_Saved data entries_.
(* Let $W\in L^1(\mathbb{R}^3)\cap L^p(\mathbb{R}^3)$, for some $p>3$, be a probability density, and for each $N$ let $y_1,\dots,y_N$ be independent identically distributed random points in $\mathbb{R}^3$ with density $W$, with joint law $P_N=\{W(x)dx\}^{\otimes N}$. Let $\nu^*(p)=\frac13\frac{p-3}{p-1}\in(0,1/3)$. Then the set of configurations $Y_N=\{y_1,\dots,y_N\}$ on which conditions (Y1) and (Y2) hold has $P_N$-probability tending to one as $N\to\infty$. More precisely: for every $0<\nu<\nu^*(p)$ and every $C>0$, $$\lim_{N\to\infty}P_N\Big(\min_{i\ne j}|y_i-y_j|\ge \frac{C}{N^{1-\nu}}\Big)=1,$$ and for every $0<\xi\le1$ there exists $C_\xi<\infty$ such that $$\lim_{N\to\infty}P_N\Big(\frac1{N^2}\sum_{i\neq j}\frac{1}{|y_i-y_j|^{3-\xi}}\le C_\xi\Big)=1.$$
   Context: Condition (Y1): for any $0<\nu<\nu^*(p)$ there is $C$ with $\min_{i\neq j}|y_i-y_j|\ge C N^{-(1-\nu)}$. Condition (Y2): for any $0<\xi\le 1$ there is $C_\xi<\infty$, independent of $N$, with $N^{-2}\sum_{i\ne j}|y_i-y_j|^{-(3-\xi)}\le C_\xi$. *)

theory Defs
  imports "HOL-Probability.Probability"
begin

definition nu_star :: "real \<Rightarrow> real" where
  "nu_star p = (1/3) * ((p - 3) / (p - 1))"

definition iid_law :: "(real^3 \<Rightarrow> real) \<Rightarrow> nat \<Rightarrow> (nat \<Rightarrow> real^3) measure" where
  "iid_law W N = PiM {..<N} (\<lambda>_. density lborel (\<lambda>x. ennreal (W x)))"

end

theory Submission
  imports Defs
begin

text \<open>
  Everything reduces to the law of one pair of sample points. For a radial kernel \<open>k \<ge> 0\<close>,
  \<open>W(x) W(y) \<le> W(x)\<^sup>2 + W(y)\<^sup>2\<close> and translation invariance give
  \<open>E k(|y\<^sub>1 - y\<^sub>2|) \<le> 2 \<parallel>W\<parallel>\<^sub>2\<^sup>2 \<integral> k(|z|) dz\<close>, and \<open>W \<in> L\<^sup>2\<close> since \<open>W \<in> L\<^sup>1 \<inter> L\<^sup>p\<close> with \<open>p \<ge> 2\<close>.
  For the indicator of \<open>[0, r)\<close> this says \<open>P(|y\<^sub>1 - y\<^sub>2| < r) = O(r\<^sup>3)\<close>; a union bound over the
  \<open>N\<^sup>2\<close> pairs then proves (Y1) for every \<open>\<nu> < 1/3\<close>, which covers \<open>\<nu> < \<nu>*(p)\<close>.
  For \<open>k(t) = 1 / t^(3 - \<xi>)\<close>, which is at most 1 for \<open>t \<ge> 1\<close>, the expectation is finite,
  and (Y2) becomes a weak law for the normalised pair sum: after truncating the kernel at height
  \<open>\<surd>N\<close>, Markov's inequality controls the discarded tail, and Chebyshev's inequality the
  bounded part, whose variance is \<open>O(N\<^sup>3 \<surd>N)\<close> because only the \<open>O(N\<^sup>3)\<close> couples of index pairs sharing an index are correlated.
\<close>

definition offdiag :: "nat \<Rightarrow> (nat \<times> nat) set" where
  "offdiag N = (SIGMA i:{..<N}. {..<N} - {i})"

definition pair_sum :: "('a \<times> 'a \<Rightarrow> real) \<Rightarrow> nat \<Rightarrow> (nat \<Rightarrow> 'a) \<Rightarrow> real" where
  "pair_sum f N y = (\<Sum>p\<in>offdiag N. f (y (fst p), y (snd p)))"

lemma mem_offdiag: "p \<in> offdiag N \<longleftrightarrow> fst p < N \<and> snd p < N \<and> fst p \<noteq> snd p"
  by (cases p) (auto simp: offdiag_def)

lemma finite_offdiag [simp]: "finite (offdiag N)"
  by (simp add: offdiag_def)

lemma card_offdiag_le: "real (card (offdiag N)) \<le> (real N)\<^sup>2"
proof -
  have "card (offdiag N) \<le> card ({..<N} \<times> {..<N})"
    by (rule card_mono) (auto simp: offdiag_def)
  then show ?thesis
    by (simp add: card_cartesian_product power2_eq_square flip: of_nat_mult)
qed

lemma card_offdiag_meeting_le:
  "card {q \<in> offdiag N. {fst p, snd p} \<inter> {fst q, snd q} \<noteq> {}} \<le> 4 * N"
proof -
  let ?E = "{fst p, snd p}"
  have "{q \<in> offdiag N. ?E \<inter> {fst q, snd q} \<noteq> {}} \<subseteq> ?E \<times> {..<N} \<union> {..<N} \<times> ?E"
    by (auto simp: offdiag_def)
  then have "card {q \<in> offdiag N. ?E \<inter> {fst q, snd q} \<noteq> {}} \<le> card (?E \<times> {..<N} \<union> {..<N} \<times> ?E)"
    by (rule card_mono[rotated]) auto
  also have "\<dots> \<le> card (?E \<times> {..<N}) + card ({..<N} \<times> ?E)"
    by (rule card_Un_le)
  also have "\<dots> \<le> 2 * N + N * 2"
  proof -
    have "card ?E \<le> 2" by (cases "fst p = snd p") auto
    then show ?thesis unfolding card_cartesian_product
      by (intro add_mono mult_le_mono1 mult_le_mono2) auto
  qed
  finally show ?thesis by simp
qed

lemma pair_sum_eq_double_sum: "pair_sum f N y = (\<Sum>i<N. \<Sum>j\<in>{..<N} - {i}. f (y i, y j))"
  unfolding pair_sum_def offdiag_def by (subst sum.Sigma) (auto simp: case_prod_beta)

lemma measurable_component_power:
  "i \<in> I \<Longrightarrow> (\<lambda>x. x i) \<in> measurable (PiM I (\<lambda>_. M)) M"
  using measurable_component_singleton[of i I "\<lambda>_. M"] by simp

lemma measurable_component_pair:
  "i \<in> I \<Longrightarrow> j \<in> I \<Longrightarrow> (\<lambda>x. (x i, x j)) \<in> measurable (PiM I (\<lambda>_. M)) (M \<Otimes>\<^sub>M M)"
  by (intro measurable_Pair measurable_component_power)

lemma measurable_pair_sum [measurable]:
  assumes "f \<in> borel_measurable (M \<Otimes>\<^sub>M M)"
  shows "pair_sum f N \<in> borel_measurable (PiM {..<N} (\<lambda>_. M))"
  unfolding pair_sum_def
  by (intro borel_measurable_sum measurable_compose[OF measurable_component_pair assms])
     (auto simp: mem_offdiag)

context
  fixes M :: "'a measure"
  assumes prob_space_M: "prob_space M"
begin

lemma prob_space_PiM_power: "prob_space (PiM I (\<lambda>_. M))"
  by (rule prob_space_PiM) (rule prob_space_M)

lemma distr_component: "i \<in> I \<Longrightarrow> distr (PiM I (\<lambda>_. M)) M (\<lambda>x. x i) = M"
  using distr_PiM_component[of I "\<lambda>_. M" i] prob_space_M by simp

lemma indep_vars_components:
  assumes "I \<noteq> {}"
  shows "prob_space.indep_vars (PiM I (\<lambda>_. M)) (\<lambda>_. M) (\<lambda>i x. x i) I"
proof -
  interpret P: prob_space "PiM I (\<lambda>_. M)" by (rule prob_space_PiM_power)
  have "distr (PiM I (\<lambda>_. M)) (PiM I (\<lambda>_. M)) (\<lambda>x. \<lambda>i\<in>I. x i)
      = distr (PiM I (\<lambda>_. M)) (PiM I (\<lambda>_. M)) (\<lambda>x. x)"
    by (rule distr_cong) (auto simp: space_PiM)
  also have "\<dots> = PiM I (\<lambda>_. M)"
    by simp
  also have "\<dots> = PiM I (\<lambda>i. distr (PiM I (\<lambda>_. M)) M (\<lambda>x. x i))"
    by (rule PiM_cong) (auto simp: distr_component)
  finally show ?thesis
    using assms by (subst P.indep_vars_iff_distr_eq_PiM') (auto intro: measurable_component_power)
qed

lemma indep_var_disjoint_pairs:
  assumes "i \<in> I" "j \<in> I" "k \<in> I" "l \<in> I" "{i, j} \<inter> {k, l} = {}"
    and F: "F \<in> borel_measurable (M \<Otimes>\<^sub>M M)" and G: "G \<in> borel_measurable (M \<Otimes>\<^sub>M M)"
  shows "prob_space.indep_var (PiM I (\<lambda>_. M)) borel (\<lambda>x. F (x i, x j)) borel (\<lambda>x. G (x k, x l))"
proof -
  interpret P: prob_space "PiM I (\<lambda>_. M)" by (rule prob_space_PiM_power)
  have "P.indep_var (PiM {i, j} (\<lambda>_. M)) (\<lambda>x. restrict x {i, j}) (PiM {k, l} (\<lambda>_. M)) (\<lambda>x. restrict x {k, l})"
    by (rule P.indep_var_restrict[OF indep_vars_components]) (use assms in auto)
  moreover have "(\<lambda>x. F (x i, x j)) \<in> borel_measurable (PiM {i, j} (\<lambda>_. M))"
    by (rule measurable_compose[OF measurable_component_pair F]) auto
  moreover have "(\<lambda>x. G (x k, x l)) \<in> borel_measurable (PiM {k, l} (\<lambda>_. M))"
    by (rule measurable_compose[OF measurable_component_pair G]) auto
  ultimately have "P.indep_var borel ((\<lambda>x. F (x i, x j)) \<circ> (\<lambda>x. restrict x {i, j}))
      borel ((\<lambda>x. G (x k, x l)) \<circ> (\<lambda>x. restrict x {k, l}))"
    by (rule P.indep_var_compose)
  then show ?thesis by (simp add: comp_def)
qed

lemma distr_component_pair:
  assumes "i \<in> I" "j \<in> I" "i \<noteq> j"
  shows "distr (PiM I (\<lambda>_. M)) (M \<Otimes>\<^sub>M M) (\<lambda>x. (x i, x j)) = M \<Otimes>\<^sub>M M"
proof -
  interpret P: prob_space "PiM I (\<lambda>_. M)" by (rule prob_space_PiM_power)
  have "P.indep_var (PiM {i} (\<lambda>_. M)) (\<lambda>x. restrict x {i}) (PiM {j} (\<lambda>_. M)) (\<lambda>x. restrict x {j})"
    by (rule P.indep_var_restrict[OF indep_vars_components]) (use assms in auto)
  then have "P.indep_var M ((\<lambda>f. f i) \<circ> (\<lambda>x. restrict x {i})) M ((\<lambda>f. f j) \<circ> (\<lambda>x. restrict x {j}))"
    by (rule P.indep_var_compose) (auto intro: measurable_component_power)
  then have "P.indep_var M (\<lambda>x. x i) M (\<lambda>x. x j)"
    by (simp add: comp_def)
  then have "distr (PiM I (\<lambda>_. M)) M (\<lambda>x. x i) \<Otimes>\<^sub>M distr (PiM I (\<lambda>_. M)) M (\<lambda>x. x j)
      = distr (PiM I (\<lambda>_. M)) (M \<Otimes>\<^sub>M M) (\<lambda>x. (x i, x j))"
    using P.indep_var_distribution_eq by blast
  then show ?thesis
    using assms by (simp add: distr_component)
qed

lemma
  fixes f :: "'a \<times> 'a \<Rightarrow> real"
  assumes ij: "i \<in> I" "j \<in> I" "i \<noteq> j" and f: "integrable (M \<Otimes>\<^sub>M M) f"
  shows integrable_component_pair: "integrable (PiM I (\<lambda>_. M)) (\<lambda>x. f (x i, x j))"
    and integral_component_pair: "(\<integral>x. f (x i, x j) \<partial>PiM I (\<lambda>_. M)) = (\<integral>z. f z \<partial>(M \<Otimes>\<^sub>M M))"
proof -
  note pair = measurable_component_pair[where M=M, OF ij(1,2)] and fm = borel_measurable_integrable[OF f]
  show "integrable (PiM I (\<lambda>_. M)) (\<lambda>x. f (x i, x j))"
    using integrable_distr_eq[OF pair fm] distr_component_pair[OF ij] f by simp
  show "(\<integral>x. f (x i, x j) \<partial>PiM I (\<lambda>_. M)) = (\<integral>z. f z \<partial>(M \<Otimes>\<^sub>M M))"
    using integral_distr[OF pair fm] distr_component_pair[OF ij] by simp
qed

lemma measure_component_pair:
  assumes ij: "i \<in> I" "j \<in> I" "i \<noteq> j" and A: "A \<in> sets (M \<Otimes>\<^sub>M M)"
  shows "measure (PiM I (\<lambda>_. M)) {x \<in> space (PiM I (\<lambda>_. M)). (x i, x j) \<in> A} = measure (M \<Otimes>\<^sub>M M) A"
proof -
  have "measure (distr (PiM I (\<lambda>_. M)) (M \<Otimes>\<^sub>M M) (\<lambda>x. (x i, x j))) A
      = measure (PiM I (\<lambda>_. M)) ((\<lambda>x. (x i, x j)) -` A \<inter> space (PiM I (\<lambda>_. M)))"
    by (rule measure_distr[OF measurable_component_pair[OF ij(1,2)]]) (use A in simp)
  moreover have "(\<lambda>x. (x i, x j)) -` A \<inter> space (PiM I (\<lambda>_. M)) = {x \<in> space (PiM I (\<lambda>_. M)). (x i, x j) \<in> A}"
    by auto
  ultimately show ?thesis
    using distr_component_pair[OF ij] by simp
qed

lemma
  assumes f: "integrable (M \<Otimes>\<^sub>M M) f"
  shows integrable_pair_sum: "integrable (PiM {..<N} (\<lambda>_. M)) (pair_sum f N)"
    and integral_pair_sum:
      "(\<integral>y. pair_sum f N y \<partial>PiM {..<N} (\<lambda>_. M)) = real (card (offdiag N)) * (\<integral>z. f z \<partial>(M \<Otimes>\<^sub>M M))"
proof -
  have p: "fst p \<in> {..<N}" "snd p \<in> {..<N}" "fst p \<noteq> snd p" if "p \<in> offdiag N" for p
    using that by (auto simp: mem_offdiag)
  show "integrable (PiM {..<N} (\<lambda>_. M)) (pair_sum f N)"
    unfolding pair_sum_def[abs_def]
    by (intro Bochner_Integration.integrable_sum integrable_component_pair[OF p f])
  have "(\<integral>y. pair_sum f N y \<partial>PiM {..<N} (\<lambda>_. M))
      = (\<Sum>p\<in>offdiag N. \<integral>y. f (y (fst p), y (snd p)) \<partial>PiM {..<N} (\<lambda>_. M))"
    unfolding pair_sum_def
    by (intro Bochner_Integration.integral_sum integrable_component_pair[OF p f])
  also have "\<dots> = (\<Sum>p\<in>offdiag N. \<integral>z. f z \<partial>(M \<Otimes>\<^sub>M M))"
    by (intro sum.cong refl integral_component_pair[OF p f])
  finally show "(\<integral>y. pair_sum f N y \<partial>PiM {..<N} (\<lambda>_. M)) = real (card (offdiag N)) * (\<integral>z. f z \<partial>(M \<Otimes>\<^sub>M M))"
    by simp
qed

section \<open>A weak law for U-statistics\<close>

lemma prob_pair_sum_ge_le:
  assumes b: "integrable (M \<Otimes>\<^sub>M M) b" and b_nonneg: "\<And>z. 0 \<le> b z" and N: "N \<ge> 1"
  shows "measure (PiM {..<N} (\<lambda>_. M)) {y \<in> space (PiM {..<N} (\<lambda>_. M)). (real N)\<^sup>2 \<le> pair_sum b N y}
    \<le> (\<integral>z. b z \<partial>(M \<Otimes>\<^sub>M M))"
proof -
  let ?\<beta> = "\<integral>z. b z \<partial>(M \<Otimes>\<^sub>M M)"
  have "measure (PiM {..<N} (\<lambda>_. M)) {y \<in> space (PiM {..<N} (\<lambda>_. M)). (real N)\<^sup>2 \<le> pair_sum b N y}
      \<le> (\<integral>y. pair_sum b N y \<partial>PiM {..<N} (\<lambda>_. M)) / (real N)\<^sup>2"
    by (rule integral_Markov_inequality_measure[OF integrable_pair_sum[OF b], where A="space (PiM {..<N} (\<lambda>_. M))"])
       (use N in \<open>auto simp: pair_sum_def b_nonneg intro!: sum_nonneg\<close>)
  also have "\<dots> = real (card (offdiag N)) * ?\<beta> / (real N)\<^sup>2"
    by (simp add: integral_pair_sum[OF b])
  also have "\<dots> \<le> ?\<beta>"
  proof -
    have "0 \<le> ?\<beta>" by (simp add: b_nonneg)
    then have "real (card (offdiag N)) * ?\<beta> \<le> (real N)\<^sup>2 * ?\<beta>"
      by (rule mult_right_mono[OF card_offdiag_le])
    then show ?thesis using N by (simp add: divide_le_eq mult.commute)
  qed
  finally show ?thesis .
qed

_Task brief_. Restate, word for word and with nothing added, the lines from the beginning of the records above through the line that contains "For \<open>k(t) = 1".

_Response_.
(* Let $W\in L^1(\mathbb{R}^3)\cap L^p(\mathbb{R}^3)$, for some $p>3$, be a probability density, and for each $N$ let $y_1,\dots,y_N$ be independent identically distributed random points in $\mathbb{R}^3$ with density $W$, with joint law $P_N=\{W(x)dx\}^{\otimes N}$. Let $\nu^*(p)=\frac13\frac{p-3}{p-1}\in(0,1/3)$. Then the set of configurations $Y_N=\{y_1,\dots,y_N\}$ on which conditions (Y1) and (Y2) hold has $P_N$-probability tending to one as $N\to\infty$. More precisely: for every $0<\nu<\nu^*(p)$ and every $C>0$, $$\lim_{N\to\infty}P_N\Big(\min_{i\ne j}|y_i-y_j|\ge \frac{C}{N^{1-\nu}}\Big)=1,$$ and for every $0<\xi\le1$ there exists $C_\xi<\infty$ such that $$\lim_{N\to\infty}P_N\Big(\frac1{N^2}\sum_{i\neq j}\frac{1}{|y_i-y_j|^{3-\xi}}\le C_\xi\Big)=1.$$
   Context: Condition (Y1): for any $0<\nu<\nu^*(p)$ there is $C$ with $\min_{i\neq j}|y_i-y_j|\ge C N^{-(1-\nu)}$. Condition (Y2): for any $0<\xi\le 1$ there is $C_\xi<\infty$, independent of $N$, with $N^{-2}\sum_{i\ne j}|y_i-y_j|^{-(3-\xi)}\le C_\xi$. *)

theory Defs
  imports "HOL-Probability.Probability"
begin

definition nu_star :: "real \<Rightarrow> real" where
  "nu_star p = (1/3) * ((p - 3) / (p - 1))"

definition iid_law :: "(real^3 \<Rightarrow> real) \<Rightarrow> nat \<Rightarrow> (nat \<Rightarrow> real^3) measure" where
  "iid_law W N = PiM {..<N} (\<lambda>_. density lborel (\<lambda>x. ennreal (W x)))"

end

theory Submission
  imports Defs
begin

text \<open>
  Everything reduces to the law of one pair of sample points. For a radial kernel \<open>k \<ge> 0\<close>,
  \<open>W(x) W(y) \<le> W(x)\<^sup>2 + W(y)\<^sup>2\<close> and translation invariance give
  \<open>E k(|y\<^sub>1 - y\<^sub>2|) \<le> 2 \<parallel>W\<parallel>\<^sub>2\<^sup>2 \<integral> k(|z|) dz\<close>, and \<open>W \<in> L\<^sup>2\<close> since \<open>W \<in> L\<^sup>1 \<inter> L\<^sup>p\<close> with \<open>p \<ge> 2\<close>.
  For the indicator of \<open>[0, r)\<close> this says \<open>P(|y\<^sub>1 - y\<^sub>2| < r) = O(r\<^sup>3)\<close>; a union bound over the
  \<open>N\<^sup>2\<close> pairs then proves (Y1) for every \<open>\<nu> < 1/3\<close>, which covers \<open>\<nu> < \<nu>*(p)\<close>.
  For \<open>k(t) = 1 / t^(3 - \<xi>)\<close>, which is at most 1 for \<open>t \<ge> 1\<close>, the expectation is finite,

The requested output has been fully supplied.